What NOT to name your dog!
Everyone who has a dog names him "rover" or
"boy"...I call mine "SEX".He is a great pal
but has caused me a great deal of embarrassment. When I went to
city hall to renew his dog licence, I told the clerk I would like
a licence for SEX, he said "I'd like one, too!".
Then I said, "but this is a dog!".
He said he didn't care what she looked like.
Then I said, "you don't understand. I've had SEX since I was
9 years old".
He winked and said, "You must have been quite a kid!".

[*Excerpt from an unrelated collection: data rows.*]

lemma visit_time_le_mult:
  assumes gaps: "\<forall>j<m. visit_time Psi G j w < \<infinity> \<longrightarrow>
      visit_time Psi G (Suc j) w - visit_time Psi G j w \<le> enat k"
  shows "j \<le> m \<Longrightarrow> visit_time Psi G j w \<le> enat (j * k)"
proof (induction j)
  case 0
  then show ?case by simp
next
  case (Suc j)
  then obtain s where s: "visit_time Psi G j w = enat s" "s \<le> j * k"
    by (cases "visit_time Psi G j w") auto
  have gap: "visit_time Psi G (Suc j) w - enat s \<le> enat k"
    using gaps[rule_format, of j] Suc.prems s by (simp del: visit_time.simps)
  show ?case
  proof (cases "visit_time Psi G (Suc j) w")
    case (enat u)
    with gap s show ?thesis by auto
  next
    case infinity
    with gap show ?thesis by simp
  qed
qed

text \<open>If no excursion among the first m is longer than k, the first m visits to G all happen by
  time m * k \<le> n.\<close>
lemma return_time_gt_cases:
  assumes "return_time Psi C w > enat n" "m * k \<le> n"
  shows "induced_return_time Psi G C w > enat m \<or>
    (\<exists>j<m. visit_time Psi G j w < \<infinity> \<and>
       visit_time Psi G (Suc j) w - visit_time Psi G j w > enat k)"
proof (rule ccontr)
  assume "\<not> ?thesis"
  then have "induced_return_time Psi G C w \<le> enat m"
    and gaps: "\<forall>j<m. visit_time Psi G j w < \<infinity> \<longrightarrow>
      visit_time Psi G (Suc j) w - visit_time Psi G j w \<le> enat k"
    using not_less by blast+
  then obtain i where i: "i \<le> m" "0 < i" "visit_time Psi G i w < \<infinity>" "induced_chain Psi G i w \<in> C"
    unfolding induced_return_time_def Inf_enat_le_iff by blast
  then obtain t where t: "visit_time Psi G i w = enat t"
    by (cases "visit_time Psi G i w") auto
  have "t \<le> i * k"
    using visit_time_le_mult[OF gaps i(1)] t by simp
  also have "\<dots> \<le> n"
    using i(1) assms(2) by (meson le_trans mult_le_mono1)
  finally have "t \<le> n" .
  moreover have "0 < t"
  proof -
    obtain i' where "i = Suc i'" using i(2) gr0_implies_Suc by blast
    with t show ?thesis using visit_time_Suc_eq_enatD(1)[of Psi G i' w t] by simp
  qed
  moreover have "Psi t w \<in> C"
    using i(4) t by (simp add: induced_chain_def)
  ultimately have "return_time Psi C w \<le> enat n"
    unfolding return_time_def Inf_enat_le_iff by blast
  with assms(1) show False by simp
qed

lemma return_time_tail_le_sum:
  assumes "finite_measure N" and Psi: "\<And>i. Psi i \<in> measurable N M"
    and G: "G \<in> sets M" and C: "C \<in> sets M" and "m * k \<le> n"
  shows "measure N {w\<in>space N. return_time Psi C w > enat n}
    \<le> measure N {w\<in>space N. induced_return_time Psi G C w > enat m}
      + (\<Sum>j<m. measure N {w\<in>space N. visit_time Psi G j w < \<infinity> \<and>
           visit_time Psi G (Suc j) w - visit_time Psi G j w > enat k})"
proof -
  interpret finite_measure N by fact
  note [measurable] = measurable_visit_time[OF Psi G] Psi C
  define late where "late = {w\<in>space N. induced_return_time Psi G C w > enat m}"
  define gap where "gap j = {w\<in>space N. visit_time Psi G j w < \<infinity> \<and>
      visit_time Psi G (Suc j) w - visit_time Psi G j w > enat k}" for j
  have gap_sets: "gap j \<in> sets N" for j
    unfolding gap_def by measurable
  have "late = {w\<in>space N. \<not> (\<exists>i\<le>m. 0 < i \<and> visit_time Psi G i w < \<infinity> \<and>
      Psi (the_enat (visit_time Psi G i w)) w \<in> C)}"
    unfolding late_def induced_return_time_def induced_chain_def
    by (simp only: not_le[symmetric] Inf_enat_le_iff)
  also have "\<dots> \<in> sets N" by measurable
  finally have late_sets: "late \<in> sets N" .
  have "{w\<in>space N. return_time Psi C w > enat n} \<subseteq> late \<union> (\<Union>j<m. gap j)"
  proof
    fix w assume "w \<in> {w\<in>space N. return_time Psi C w > enat n}"
    then show "w \<in> late \<union> (\<Union>j<m. gap j)"
      using return_time_gt_cases[of n Psi C w m k G] \<open>m * k \<le> n\<close>
      by (auto simp: late_def gap_def simp del: visit_time.simps)
  qed
  then have "measure N {w\<in>space N. return_time Psi C w > enat n} \<le> measure N (late \<union> (\<Union>j<m. gap j))"
    using late_sets gap_sets by (intro finite_measure_mono) auto
  also have "\<dots> \<le> measure N late + measure N (\<Union>j<m. gap j)"
    using late_sets gap_sets by (intro measure_Un_le) auto
  also have "measure N (\<Union>j<m. gap j) \<le> (\<Sum>j<m. measure N (gap j))"
    using gap_sets by (intro finite_measure_subadditive_finite) auto
  finally show ?thesis
    unfolding late_def gap_def by simp
qed

lemma long_gap_prob_le:
  assumes "prob_space N" and Psi: "\<And>i. Psi i \<in> measurable N M"
    and start: "AE w in N. Psi 0 w = x"
    and xi_sup: "\<forall>y\<in>G. \<xi> y \<le> \<xi>1" and "0 \<le> \<xi> x"
    and tail: "emeasure N {w\<in>space N. visit_time Psi G j w < \<infinity> \<and>
          induced_chain Psi G j w \<in> space M \<and>
          visit_time Psi G (Suc j) w - visit_time Psi G j w > enat k}
        \<le> (\<integral>\<^sup>+ w\<in>{w\<in>space N. visit_time Psi G j w < \<infinity> \<and> induced_chain Psi G j w \<in> space M}.
             ennreal (\<xi> (induced_chain Psi G j w) * real k powr (-\<alpha>)) \<partial>N)"
  shows "measure N {w\<in>space N. visit_time Psi G j w < \<infinity> \<and>
      visit_time Psi G (Suc j) w - visit_time Psi G j w > enat k}
    \<le> max (\<xi> x) \<xi>1 * real k powr (-\<alpha>)"
proof -
  interpret prob_space N by fact
  let ?b = "max (\<xi> x) \<xi>1 * real k powr (-\<alpha>)"
  have in_space: "induced_chain Psi G j w \<in> space M" if "w \<in> space N" for w
    unfolding induced_chain_def using Psi that by (meson measurable_space)
  define F where "F = {w\<in>space N. visit_time Psi G j w < \<infinity>}"
  have "AE w in N. ennreal (\<xi> (induced_chain Psi G j w) * real k powr (-\<alpha>)) * indicator F w
      \<le> ennreal ?b"
    using start
  proof eventually_elim
    case (elim w)
    have "\<xi> (induced_chain Psi G j w) \<le> max (\<xi> x) \<xi>1" if "w \<in> F"
    proof (cases "j = 0")
      case True
      with elim show ?thesis by (simp add: induced_chain_def zero_enat_def)
    next
      case False
      with that have "induced_chain Psi G j w \<in> G"
        using induced_chain_in_visited_set[of j Psi G w] by (simp add: F_def)
      with xi_sup show ?thesis by fastforce
    qed
    then show ?case
      by (cases "w \<in> F") (auto intro!: ennreal_leI mult_right_mono)
  qed
  then have "(\<integral>\<^sup>+ w\<in>F. ennreal (\<xi> (induced_chain Psi G j w) * real k powr (-\<alpha>)) \<partial>N)
      \<le> (\<integral>\<^sup>+ w. ennreal ?b \<partial>N)"
    by (rule nn_integral_mono_AE)
  moreover have "{w\<in>space N. visit_time Psi G j w < \<infinity> \<and> induced_chain Psi G j w \<in> space M} = F"
    using in_space by (auto simp: F_def)
  moreover have "{w\<in>space N. visit_time Psi G j w < \<infinity> \<and> induced_chain Psi G j w \<in> space M \<and>
        visit_time Psi G (Suc j) w - visit_time Psi G j w > enat k}
      = {w\<in>space N. visit_time Psi G j w < \<infinity> \<and>
        visit_time Psi G (Suc j) w - visit_time Psi G j w > enat k}"
    using in_space by (auto simp del: visit_time.simps)
  ultimately have "emeasure N {w\<in>space N. visit_time Psi G j w < \<infinity> \<and>
      visit_time Psi G (Suc j) w - visit_time Psi G j w > enat k} \<le> ennreal ?b"
    using tail by (simp add: emeasure_space_1 del: visit_time.simps)
  moreover have "0 \<le> ?b" using \<open>0 \<le> \<xi> x\<close> by simp
  ultimately show ?thesis by (simp add: emeasure_eq_measure ennreal_le_iff)
qed

lemma return_time_tail_le_powr:
  assumes "prob_space N" and Psi: "\<And>i. Psi i \<in> measurable N M"
    and start: "AE w in N. Psi 0 w = x"
    and G: "G \<in> sets M" and C: "C \<in> sets M"
    and xi_sup: "\<forall>y\<in>G. \<xi> y \<le> \<xi>1" and "1 \<le> \<xi> x"
    and tail: "\<And>j. emeasure N {w\<in>space N. visit_time Psi G j w < \<infinity> \<and>
          induced_chain Psi G j w \<in> space M \<and>
          visit_time Psi G (Suc j) w - visit_time Psi G j w > enat k}
        \<le> (\<integral>\<^sup>+ w\<in>{w\<in>space N. visit_time Psi G j w < \<infinity> \<and> induced_chain Psi G j w \<in> space M}.
             ennreal (\<xi> (induced_chain Psi G j w) * real k powr (-\<alpha>)) \<partial>N)"
    and induced_tail: "measure N {w\<in>space N. induced_return_time Psi G C w > enat m}
        \<le> \<eta> * exp (- \<omega> * real m)"
    and "0 \<le> \<eta>" and "m * k \<le> n"
    and exp_le: "exp (- \<omega> * real m) \<le> q"
    and blocks_le: "real m * real k powr (- \<alpha>) \<le> 2 powr \<alpha> * q"
  shows "measure N {w\<in>space N. return_time Psi C w > enat n}
    \<le> (\<eta> + \<xi> x * (max 1 \<xi>1 * 2 powr \<alpha>)) * q"
proof -
  interpret prob_space N by fact
  have "0 \<le> \<xi> x" using \<open>1 \<le> \<xi> x\<close> by simp
  have "measure N {w\<in>space N. return_time Psi C w > enat n}
    \<le> measure N {w\<in>space N. induced_return_time Psi G C w > enat m}
      + (\<Sum>j<m. measure N {w\<in>space N. visit_time Psi G j w < \<infinity> \<and>
           visit_time Psi G (Suc j) w - visit_time Psi G j w > enat k})"
    by (rule return_time_tail_le_sum[OF finite_measure Psi G C \<open>m * k \<le> n\<close>])
  also have "\<dots> \<le> \<eta> * exp (- \<omega> * real m) + real m * (max (\<xi> x) \<xi>1 * real k powr (-\<alpha>))"
    using induced_tail sum_bounded_above[OF long_gap_prob_le[OF \<open>prob_space N\<close> Psi start
        xi_sup \<open>0 \<le> \<xi> x\<close> tail], where A = "{..<m}"]
    by (intro add_mono) simp_all
  also have "\<dots> \<le> \<eta> * q + \<xi> x * (max 1 \<xi>1 * 2 powr \<alpha>) * q"
  proof (rule add_mono)
    show "\<eta> * exp (- \<omega> * real m) \<le> \<eta> * q"
      using exp_le \<open>0 \<le> \<eta>\<close> by (rule mult_left_mono)
    have max_le: "max (\<xi> x) \<xi>1 \<le> \<xi> x * max 1 \<xi>1"
      using \<open>1 \<le> \<xi> x\<close> by (auto simp: max_def mult_le_cancel_right1 order.trans[OF _ mult_right_mono])
    have "real m * (max (\<xi> x) \<xi>1 * real k powr (-\<alpha>)) = max (\<xi> x) \<xi>1 * (real m * real k powr (-\<alpha>))"
      by (simp add: mult_ac)
    also have "\<dots> \<le> (\<xi> x * max 1 \<xi>1) * (2 powr \<alpha> * q)"
      using \<open>1 \<le> \<xi> x\<close> by (intro mult_mono[OF max_le blocks_le]) auto
    finally show "real m * (max (\<xi> x) \<xi>1 * real k powr (-\<alpha>)) \<le> \<xi> x * (max 1 \<xi>1 * 2 powr \<alpha>) * q"
      by (simp add: mult_ac)
  qed
  finally show ?thesis
    by (simp add: distrib_right)
qed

I went on vacation, I took the dog with me. I told the motel
clerk that I wanted a room for my girlfriend and me, and a
special room for SEX.
He said, "We don't care what you do as long as you pay your
bill!".
I said," Look you don't understand.. SEX keeps me awake at
night!".
"Funny..."the clerk said," I have the same
problem!
"One day I entered SEX in a contest, but before the
competition began, the dog ran away. Another contestant asked me
why I was just standing there, looking dissapointed. I told him I
had planned to have SEX in the contest. He told me I should have
sold my own tickets.
"But you don't understand", I said," I had hoped
to have SEX on TV."
He said," Now that cable is all over the place it's no big
deal anymore."When my girlfriend and I broke up, we went to
court to fight for custody of the dog.
I said, "your honor, I had SEX before we started
dating."
The judge said, "This isn't a confessional. Stick to the
case, please!".
Then I told him after we dated, SEX left me.
He said," You too?!
"Last night SEX ran off again...I spent hours looking around
town for him. A cop came over to me and asked: " What are
you doing in this alley at 4 o'clock in the morning?"
I told him that I was looking for SEX. My court date is Friday!